- What is expected
Begin your copy at the line that contains "t * ?B) / ?A \<le>" and carry it on, exactly, to the last line of the material below.

- Material for the task

lemma turns_within_normalized:
  fixes \<alpha>1 \<alpha>2 \<beta>1 \<beta>2 lam R t :: real and z w :: "nat \<Rightarrow> real"
  assumes A: "\<alpha>1 + \<alpha>2 > 0" and lam: "lam > 0" and nn: "\<beta>1 \<ge> 0" "\<beta>2 \<ge> 0"
    and tw: "turns_within \<alpha>1 \<beta>1 \<alpha>2 \<beta>2 lam R z"
    and t_def: "t = (R - \<alpha>1) / (\<alpha>1 + \<alpha>2)"
    and w_def: "w = (\<lambda>k. z k + (\<beta>1 + \<beta>2) / (\<alpha>1 + \<alpha>2))"
  shows "t > 0" "\<And>k. w k > 0"
    "w 0 + \<beta>1 / (\<alpha>1 + \<alpha>2) \<le> t * lam"
    "\<And>k. (\<Sum>m\<le>Suc k. w m) + (\<beta>1 + t * (\<beta>1 + \<beta>2)) / (\<alpha>1 + \<alpha>2) \<le> t * w k"
proof -
  let ?A = "\<alpha>1 + \<alpha>2" and ?B = "\<beta>1 + \<beta>2"
  have z: "\<And>k. z k \<ge> lam"
    and C0: "roundtrip \<alpha>1 \<beta>1 \<alpha>2 \<beta>2 (z 0) + (\<alpha>1 * lam + \<beta>1) \<le> R * lam"
    and Ck: "\<And>k. (\<Sum>m\<le>Suc k. roundtrip \<alpha>1 \<beta>1 \<alpha>2 \<beta>2 (z m)) + \<alpha>1 * z k + \<beta>1 \<le> R * z k"
    using tw unfolding turns_within_def by auto
  have cw: "roundtrip \<alpha>1 \<beta>1 \<alpha>2 \<beta>2 (z m) = ?A * w m" for m
    unfolding w_def roundtrip_def using A by (simp add: field_simps)
  have Q: "R - \<alpha>1 = ?A * t" unfolding t_def using A by simp
  show wpos: "w k > 0" for k
    unfolding w_def using z[of k] lam A nn by (smt (verit) divide_nonneg_pos)
  have "?A * w 0 + \<beta>1 \<le> ?A * (t * lam)" using C0 cw[of 0] Q by (simp add: algebra_simps)
  moreover have "?A * (w 0 + \<beta>1 / ?A) = ?A * w 0 + \<beta>1" using A by (simp add: distrib_left)
  ultimately have "?A * (w 0 + \<beta>1 / ?A) \<le> ?A * (t * lam)" by simp
  then show w0: "w 0 + \<beta>1 / ?A \<le> t * lam" using A by simp
  have "0 < w 0 + \<beta>1 / ?A" using wpos[of 0] nn A by (smt (verit) divide_nonneg_pos)
  then show "t > 0" using w0 lam by (smt (verit) mult_nonpos_nonneg zero_less_mult_pos2)
  fix k
  have "(\<Sum>m\<le>Suc k. roundtrip \<alpha>1 \<beta>1 \<alpha>2 \<beta>2 (z m)) = ?A * (\<Sum>m\<le>Suc k. w m)"
    unfolding cw by (rule sum_distrib_left[symmetric])
  then have "?A * (\<Sum>m\<le>Suc k. w m) + \<beta>1 \<le> (R - \<alpha>1) * z k"
    using Ck[of k] by (simp add: algebra_simps)
  also have "\<dots> = ?A * t * w k - t * ?B" unfolding Q w_def using A by (simp add: field_simps)
  finally have "?A * (\<Sum>m\<le>Suc k. w m) + (\<beta>1 + t * ?B) \<le> ?A * (t * w k)"
    by (simp add: algebra_simps)
  moreover have "?A * ((\<Sum>m\<le>Suc k. w m) + (\<beta>1 + t * ?B) / ?A)
                   = ?A * (\<Sum>m\<le>Suc k. w m) + (\<beta>1 + t * ?B)"
    using A by (simp add: field_simps)
  ultimately have "?A * ((\<Sum>m\<le>Suc k. w m) + (\<beta>1 + t * ?B) / ?A) \<le> ?A * (t * w k)" by simp
  then show "(\<Sum>m\<le>Suc k. w m) + (\<beta>1 + t * ?B) / ?A \<le> t * w k" using A by simp
qed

- Reply
  then show "(\<Sum>m\<le>Suc k. w m) + (\<beta>1 + t * ?B) / ?A \<le> t * w k" using A by simp
qed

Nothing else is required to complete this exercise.